Report the number of lines in the data below that hold "proof", without any other words.

○ ○ ○ ○

text \<open>Only the symmetry of \<open>T\<close> enters the proof.\<close>

theorem mainTheorem8:
  fixes T :: "real^'m::finite^'m" and d :: "real^'m" and \<omega> :: real
  assumes symT: "transpose T = T"
    and posdefT: "\<And>x. x \<noteq> 0 \<Longrightarrow> x \<bullet> (T *v x) > 0"
    and dnonneg: "\<And>j. d$j \<ge> 0"
    and \<omega>pos: "\<omega> > 0"
  shows "norm2 (matrix_inv (NASS \<omega> T d) ** calR T d)
           < 2 * sqrt (\<omega>^2 + (Max (range (\<lambda>j. d$j)))^2) / \<omega>"
proof -
  define s where "s = sqrt (\<omega>\<^sup>2 + (Max (range (\<lambda>j. d$j)))\<^sup>2)"
  obtain q where q: "0 \<le> q" "q < 1" "\<And>z. norm ((\<omega> *\<^sub>R mat 1 - calT T) *v z)
      \<le> q * norm ((\<omega> *\<^sub>R mat 1 + calT T) *v z)"
    using shifted_cayley_contraction[OF inner_calT[OF symT] \<omega>pos] by blast
  have "norm2 (matrix_inv (NASS \<omega> T d) ** calR T d) \<le> 1 + q * s / \<omega>"
  proof (rule norm2_inverse_splitting_le[where
        A = "\<omega> *\<^sub>R mat 1 + calT T" and B = "\<omega> *\<^sub>R mat 1 - calT T" and
        C = "\<omega> *\<^sub>R mat 1 + calD d" and E = "\<omega> *\<^sub>R mat 1 - calD d"])
    show "invertible (\<omega> *\<^sub>R mat 1 + calT T)"
      using \<omega>pos symT by (intro invertible_if_norm_lower_bound[of \<omega>]) (auto intro: calT_shift_lower_bound)
    show "norm ((\<omega> *\<^sub>R mat 1 - calD d) *v z) \<le> s * norm z" for z
      unfolding s_def using dnonneg
      by (intro norm_shift_skew_le transpose_calD norm_calD_le) (simp add: Max_ge)
  qed (use \<omega>pos q symT in \<open>simp_all add: invertible_NASS NASS_factor calD_shift_lower_bound
        calR_eq_calT_plus_calD shifted_product_difference shifted_commute\<close>)
  also have "\<dots> < 2 * s / \<omega>"
  proof -
    have "\<omega> \<le> s" unfolding s_def by (simp add: real_le_rsqrt)
    moreover have "q * s < s"
      using q(2) \<open>\<omega> \<le> s\<close> \<omega>pos by (simp add: mult_strict_right_mono)
    ultimately have "(\<omega> + q * s) / \<omega> < (2 * s) / \<omega>"
      using \<omega>pos by (intro divide_strict_right_mono) linarith+
    then show ?thesis using \<omega>pos by (simp add: add_divide_distrib)
  qed
  finally show ?thesis unfolding s_def .
qed

end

○ ○ ○ ○

Exercise output: 4